Collected data entries:
(* Suppose Assumptions 1, 2 and 3 hold and $\delta_{2r}=c_0/\sqrt r$ for a sufficiently small constant $c_0$. Let $U^{(\lambda)}$ be a point satisfying the first- and second-order necessary conditions for a local minimum of $f^{(\lambda)}$. Then on the event $\mathcal{E}_{\mathsf{Good}}$, \[ \frac{1}{\sqrt{dr}}\|U^{(\lambda)}U^{(\lambda)\top}-M\|_F\le C\sigma \] for a constant $C$ depending on the assumptions. In particular, $\|U^{(\lambda)}U^{(\lambda)\top}-M\|_F<\lambda/(2\delta_{2r})$.
   Context: Setting. Let $d,n,r$ be positive integers and $\sigma>0$. $\mathsf{GOE}(d)$ denotes the law of a symmetric $d\times d$ matrix whose diagonal entries are i.i.d. $N(0,1)$ and whose entries above the diagonal are i.i.d. $N(0,1/2)$, independent of the diagonal. One observes $(y_i,X_i)$, $i=1,\dots,n$, with $y_i=n^{-1/2}\langle X_i,M\rangle+\varepsilon_i$, where $\langle\cdot,\cdot\rangle$ is the Frobenius inner product, $X_i\sim\mathsf{GOE}(d)$, $\varepsilon_i\sim N(0,\sigma^2)$, all mutually independent, and $M$ is a symmetric positive semidefinite matrix of rank $r$. Define $\mathcal{X}(A)_i=n^{-1/2}\langle X_i,A\rangle$. For $U\in\mathbb{R}^{d\times r}$, $f^{(\lambda)}(U)=\frac14\sum_{i=1}^n(y_i-n^{-1/2}\langle X_i,UU^\top\rangle)^2+\frac{\lambda}{2}\|U\|_F^2$. Assumption 1: $M=\sqrt d\,V\Lambda V^\top$ with $V\in\mathbb{R}^{d\times r}$ having orthonormal columns and $\Lambda$ an $r\times r$ positive diagonal matrix whose smallest entry $\lambda_r$ satisfies $C_1\sqrt r<\lambda_r/\sigma<C_2\sqrt r$ for sufficiently large constants $C_1,C_2$; moreover $\|M\|/(\lambda_r\sqrt d)\le\kappa$ with $\kappa=O(1)$, and $\sigma\ge\sigma_{\min}>c>0$. Assumption 2: $\gamma_n:=n/(dr)$ satisfies $\gamma_n\ge C_3 r$ for a sufficiently large constant $C_3$. Assumption 3: $C_4\sqrt d\le\lambda/\sigma\le C_5\sqrt d$ for constants $C_4,C_5$. For a fixed constant $\delta_{2r}>0$, $\mathcal{E}_{\mathsf{Good}}$ is the intersection of the events: (i) $\|\frac1n\sum_i\varepsilon_iX_i\|\le 8\sigma\sqrt{d/n}$ (spectral norm); (ii) $(1-\delta_{2r})\|A\|_F^2\le\|\mathcal{X}(A)\|^2\le(1+\delta_{2r})\|A\|_F^2$ for all symmetric $A$ of rank at most $2r$; (iii) $|\frac1n\sum_i\varepsilon_i\langle X_i,A\rangle|\le C\sigma\sqrt{dr/n}\,\|A\|_F$ for all symmetric $A$ of rank at most $2r$. *)

theory Defs
  imports Complex_Main "Jordan_Normal_Form.DL_Rank"
begin

definition frob_inner :: "real mat \<Rightarrow> real mat \<Rightarrow> real" where
  "frob_inner A B = (\<Sum>i<dim_row A. \<Sum>j<dim_col A. A $$ (i,j) * B $$ (i,j))"

definition frob_norm :: "real mat \<Rightarrow> real" where
  "frob_norm A = sqrt (frob_inner A A)"

definition vnorm :: "real vec \<Rightarrow> real" where
  "vnorm v = sqrt (v \<bullet> v)"
lemma sum_cross_pairs_product:
  fixes lam :: "nat \<Rightarrow> real"
  assumes "X \<inter> Y = {}"
  shows "(\<Sum>(i, j)\<in>cross_pairs X Y. lam i * lam j / c) = (\<Sum>i\<in>X. lam i) * (\<Sum>j\<in>Y. lam j) / c"
proof -
  have "lam (min i j) * lam (max i j) = lam i * lam j" for i j
    by (cases "i \<le> j") (simp_all add: min_def max_def mult.commute)
  then show ?thesis
    using assms by (simp add: sum_cross_pairs sum_product sum_divide_distrib)
qed

lemma edges_between_eq_sum_cross_pairs:
  "X \<inter> Y = {} \<Longrightarrow> edges_between g X Y = (\<Sum>x\<in>cross_pairs X Y. g x)"
  by (simp add: sum_cross_pairs edges_between_def edges_def)

lemma nbhds_cong_off_cross_pairs:
  assumes a: "a \<in> {1..N}"
    and S: "\<forall>m\<le>k. nbhd N g a m = S m"
    and disj: "S k \<inter> T = {}"
    and agree: "\<forall>x\<in>node_pairs N - cross_pairs (sphere_nbhd N g a k) T. g x = g' x"
  shows "\<forall>m\<le>k. nbhd N g' a m = S m"
proof (intro allI impI)
  fix m assume "m \<le> k"
  have "nbhd N g' a m = nbhd N g a m"
  proof (rule nbhd_cong)
    fix m' i j
    assume m': "m' < m" and i: "i \<in> nbhd N g a m'" and j: "j \<in> {1..N}" and "i \<noteq> j"
    have "i \<notin> sphere_nbhd N g a k"
      using nbhd_Int_sphere_nbhd[of m' k] m' \<open>m \<le> k\<close> i by auto
    moreover have "i \<notin> T"
      using nbhd_mono[of m' k N g a] m' \<open>m \<le> k\<close> i S disj by auto
    moreover have "(min i j, max i j) \<in> node_pairs N"
      using nbhd_subset_nodes[OF a, of g m'] i j \<open>i \<noteq> j\<close>
      by (auto simp: node_pairs_def min_def max_def)
    ultimately show "edges g i j = edges g' i j"
      using agree by (auto simp: edges_def dest: mem_cross_pairsD)
  qed
  with S \<open>m \<le> k\<close> show "nbhd N g' a m = S m" by simp
qed

lemma nbhds_eq_iff_off_sphere_pairs:
  assumes a: "a \<in> {1..N}" and b: "b \<in> {1..N}" and disj: "S k \<inter> T t = {}"
    and agree: "\<forall>x\<in>node_pairs N - cross_pairs (sphere_of S k) (sphere_of T t). g x = g' x"
  shows "(\<forall>m\<le>k. nbhd N g a m = S m) \<and> (\<forall>m\<le>t. nbhd N g b m = T m) \<longleftrightarrow>
         (\<forall>m\<le>k. nbhd N g' a m = S m) \<and> (\<forall>m\<le>t. nbhd N g' b m = T m)"
proof -
  have "S k \<inter> sphere_of T t = {}" "T t \<inter> sphere_of S k = {}"
    using disj sphere_of_subset[of S k] sphere_of_subset[of T t] by auto
  then have "(\<forall>m\<le>k. nbhd N h' a m = S m) \<and> (\<forall>m\<le>t. nbhd N h' b m = T m)"
    if S: "\<forall>m\<le>k. nbhd N h a m = S m" and T: "\<forall>m\<le>t. nbhd N h b m = T m"
      and "\<forall>x\<in>node_pairs N - cross_pairs (sphere_of S k) (sphere_of T t). h x = h' x" for h h'
    using that nbhds_cong_off_cross_pairs[OF a S] nbhds_cong_off_cross_pairs[OF b T]
    by (simp add: sphere_nbhd_eq_sphere_of[OF S] sphere_nbhd_eq_sphere_of[OF T] cross_pairs_commute)
  moreover have "\<forall>x\<in>node_pairs N - cross_pairs (sphere_of S k) (sphere_of T t). g' x = g x"
    using agree by simp
  ultimately show ?thesis
    using agree by blast
qed

lemma cross_pairs_spheres_subset_node_pairs:
  assumes "a \<in> {1..N}" "b \<in> {1..N}" "S k \<inter> T t = {}"
    and "\<forall>m\<le>k. nbhd N g a m = S m" "\<forall>m\<le>t. nbhd N g b m = T m"
  shows "cross_pairs (sphere_of S k) (sphere_of T t) \<subseteq> node_pairs N"
proof (rule cross_pairs_subset_node_pairs)
  show "sphere_of S k \<subseteq> {1..N}" "sphere_of T t \<subseteq> {1..N}"
    using assms(1,2,4,5) nbhd_subset_nodes sphere_of_subset[of S k] sphere_of_subset[of T t] by blast+
qed (rule sphere_of_disjoint[of S k T t, OF assms(3)])

lemma edges_between_spheres:
  assumes "S k \<inter> T t = {}"
    and "\<forall>m\<le>k. nbhd N g a m = S m" "\<forall>m\<le>t. nbhd N g b m = T m"
  shows "edges_between g (sphere_nbhd N g a k) (sphere_nbhd N g b t) =
         (\<Sum>x\<in>cross_pairs (sphere_of S k) (sphere_of T t). g x)"
  unfolding sphere_nbhd_eq_sphere_of[OF assms(2)] sphere_nbhd_eq_sphere_of[OF assms(3)]
  by (rule edges_between_eq_sum_cross_pairs[OF sphere_of_disjoint[of S k T t, OF assms(1)]])

lemma cond_prob_poisson_graph_sum:
  fixes E :: "(nat \<times> nat \<Rightarrow> nat) \<Rightarrow> bool"
  assumes cap_pos: "\<forall>i\<in>{1..N}. lam i > 0" and B_pairs: "B \<subseteq> node_pairs N"
    and E_cong: "\<And>g g'. \<forall>x\<in>node_pairs N - B. g x = g' x \<Longrightarrow> E g = E g'"
    and pos: "measure_pmf.prob (poisson_graph N lam) {g. E g} \<noteq> 0"
  defines "mu \<equiv> \<Sum>(i, j)\<in>B. lam i * lam j / total_cap N lam"
  shows "measure_pmf.prob (poisson_graph N lam) {g. E g \<and> (\<Sum>x\<in>B. g x) = n} /
         measure_pmf.prob (poisson_graph N lam) {g. E g} = mu ^ n / fact n * exp (- mu)"
proof -
  define rate where "rate = (\<lambda>(i, j). lam i * lam j / total_cap N lam)"
  have graph: "poisson_graph N lam = Pi_pmf ((node_pairs N - B) \<union> B) 0 (\<lambda>x. poisson_pmf (rate x))"
    using B_pairs by (simp add: poisson_graph_def rate_def Un_absorb2 case_prod_unfold)
  have finB: "finite B"
    using finite_subset[OF B_pairs finite_node_pairs] .
  have "measure_pmf.prob (poisson_graph N lam) {g. E g \<and> (\<Sum>x\<in>B. g x) = n} /
        measure_pmf.prob (poisson_graph N lam) {g. E g}
      = measure_pmf.prob (Pi_pmf B 0 (\<lambda>x. poisson_pmf (rate x))) {g. (\<Sum>x\<in>B. g x) = n}"
    unfolding graph
  proof (rule cond_prob_Pi_pmf_union_indep)
    show "((\<Sum>x\<in>B. g x) = n) = ((\<Sum>x\<in>B. g' x) = n)" if "\<forall>x\<in>B. g x = g' x"
      for g g' :: "nat \<times> nat \<Rightarrow> nat"
      using that by (metis sum.cong)
  qed (use finite_node_pairs finB E_cong pos[unfolded graph] in auto)
  also have "\<dots> = mu ^ n / fact n * exp (- mu)"
    unfolding mu_def rate_def[symmetric]
  proof (rule prob_sum_Pi_pmf_poisson[OF finB])
    show "rate x > 0" if xB: "x \<in> B" for x
    proof -
      obtain i j where "x = (i, j)" "i \<in> {1..N}" "j \<in> {1..N}"
        using xB B_pairs by (auto simp: node_pairs_def)
      then show ?thesis
        using cap_pos total_cap_pos[OF cap_pos] by (simp add: rate_def)
    qed
  qed (simp add: rate_def)
  finally show ?thesis .
qed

Your task:
In the entries above, the lines between the one holding "lam = Pi_pmf" and the one holding "n) = ((\<Sum>x\<in>B.", inclusive, are to be printed exactly as written, and those alone.

Task solution:
  have graph: "poisson_graph N lam = Pi_pmf ((node_pairs N - B) \<union> B) 0 (\<lambda>x. poisson_pmf (rate x))"
    using B_pairs by (simp add: poisson_graph_def rate_def Un_absorb2 case_prod_unfold)
  have finB: "finite B"
    using finite_subset[OF B_pairs finite_node_pairs] .
  have "measure_pmf.prob (poisson_graph N lam) {g. E g \<and> (\<Sum>x\<in>B. g x) = n} /
        measure_pmf.prob (poisson_graph N lam) {g. E g}
      = measure_pmf.prob (Pi_pmf B 0 (\<lambda>x. poisson_pmf (rate x))) {g. (\<Sum>x\<in>B. g x) = n}"
    unfolding graph
  proof (rule cond_prob_Pi_pmf_union_indep)
    show "((\<Sum>x\<in>B. g x) = n) = ((\<Sum>x\<in>B. g' x) = n)" if "\<forall>x\<in>B. g x = g' x"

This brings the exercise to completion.